British Army officer

Lieutenant-General Sir Balfour Oliphant Hutchison, (12 February 1889 - 26 April 1967) was a British Army officer who served in both the First and Second World Wars.

==Early life and First World War==
Born on 12 February 1889, Hutchison was the son of Alexander Hutchison, of Braehead, Kirkcaldy, Fife. His older brother, Robert, later became a politician and a senior officer in the British Army.
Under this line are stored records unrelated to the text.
lemma astigmatism_cong_within_open:
  assumes "open I" "\<theta> \<in> I" "\<And>y. y \<in> I \<Longrightarrow> f y = g y"
  shows "astigmatism f \<theta> = astigmatism g \<theta>"
proof -
  have "eventually (\<lambda>y. f y = g y) (nhds x)" if "x \<in> I" for x
    using assms(1,3) that by (auto simp: eventually_nhds)
  then have deriv_eq: "deriv f y = deriv g y" if "y \<in> I" for y
    using that by (auto intro: deriv_cong_ev)
  then have "eventually (\<lambda>y. deriv f y = deriv g y) (nhds \<theta>)"
    using assms(1,2) by (auto simp: eventually_nhds)
  then show ?thesis
    using deriv_eq assms(2) by (simp add: astigmatism_def deriv_cong_ev)
qed

lemma has_real_derivative_astigmatism:
  assumes I: "\<theta> \<in> I" "\<And>y. y \<in> I \<Longrightarrow> sin y \<noteq> 0"
    and D: "\<And>j y. j < 3 \<Longrightarrow> y \<in> I \<Longrightarrow> (deriv ^^ j) \<rho> differentiable at y"
    and D3: "(deriv ^^ 3) \<rho> differentiable at \<theta>"
  defines "s' \<equiv> \<lambda>y. deriv (deriv (deriv \<rho>)) y + (1 + (cot y)\<^sup>2) * deriv \<rho> y - cot y * deriv (deriv \<rho>) y"
  shows "\<And>y. y \<in> I \<Longrightarrow> (astigmatism \<rho> has_real_derivative s' y) (at y)"
    and "(s' has_real_derivative deriv (deriv (deriv (deriv \<rho>))) \<theta> + 2 * (1 + (cot \<theta>)\<^sup>2) * astigmatism \<rho> \<theta>
           - cot \<theta> * deriv (deriv (deriv \<rho>)) \<theta>) (at \<theta>)"
proof -
  have d: "(deriv \<rho> has_real_derivative deriv (deriv \<rho>) y) (at y)"
    "(deriv (deriv \<rho>) has_real_derivative deriv (deriv (deriv \<rho>)) y) (at y)" if "y \<in> I" for y
    using D[of 1 y] D[of 2 y] that by (simp_all add: DERIV_deriv_iff_real_differentiable eval_nat_numeral)
  have d3: "(deriv (deriv (deriv \<rho>)) has_real_derivative deriv (deriv (deriv (deriv \<rho>))) \<theta>) (at \<theta>)"
    using D3 by (simp add: DERIV_deriv_iff_real_differentiable eval_nat_numeral)
  have dcot: "(cot has_real_derivative -(1 + (cot y)\<^sup>2)) (at y)" if "y \<in> I" for y
    using has_real_derivative_cot I(2)[OF that] .
  show "(astigmatism \<rho> has_real_derivative s' y) (at y)" if "y \<in> I" for y
    unfolding astigmatism_def[abs_def] s'_def using that
    by (auto intro!: derivative_eq_intros d dcot simp: algebra_simps)
  show "(s' has_real_derivative deriv (deriv (deriv (deriv \<rho>))) \<theta> + 2 * (1 + (cot \<theta>)\<^sup>2) * astigmatism \<rho> \<theta>
           - cot \<theta> * deriv (deriv (deriv \<rho>)) \<theta>) (at \<theta>)"
    unfolding s'_def astigmatism_def using I(1)
    by (auto intro!: derivative_eq_intros d d3 dcot simp: algebra_simps power2_eq_square)
qed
After attending Uppingham School, Hutchison received a commission as a second lieutenant into the Royal Artillery Supplementary Reserve on 26 June 1909. On 9 December 1911 Hutchison transferred to the 7th Hussars, and received a promotion to lieutenant on 9 August 1913. During the First World War Hutchison served with his regiment in the Mesopotamian campaign, and was mentioned in despatches four times.

==Between the wars==
Remaining in the army during the interwar period, Hutchison served in a variety of staff and regimental appointments, including as a General Staff Officer (GSO) with the Mediterranean Expeditionary Force, before returning to the United Kingdom and attending the Staff College, Camberley as a student from 1923 to 1924. His fellow students there included Montagu Stopford, Michael Gambier-Parry, Dudley Johnson, Gordon Macready, Arthur Percival, Frederick Pile, Edmond Schreiber and John Smyth, all of whom, with the exception of Smyth, were destined to become general officers. He then served for two years as a staff captain with Scottish Command, before being sent to Northern China, joining the Shanghai Defence Force as a staff captain, later being made Deputy Assistant Quartermaster-General.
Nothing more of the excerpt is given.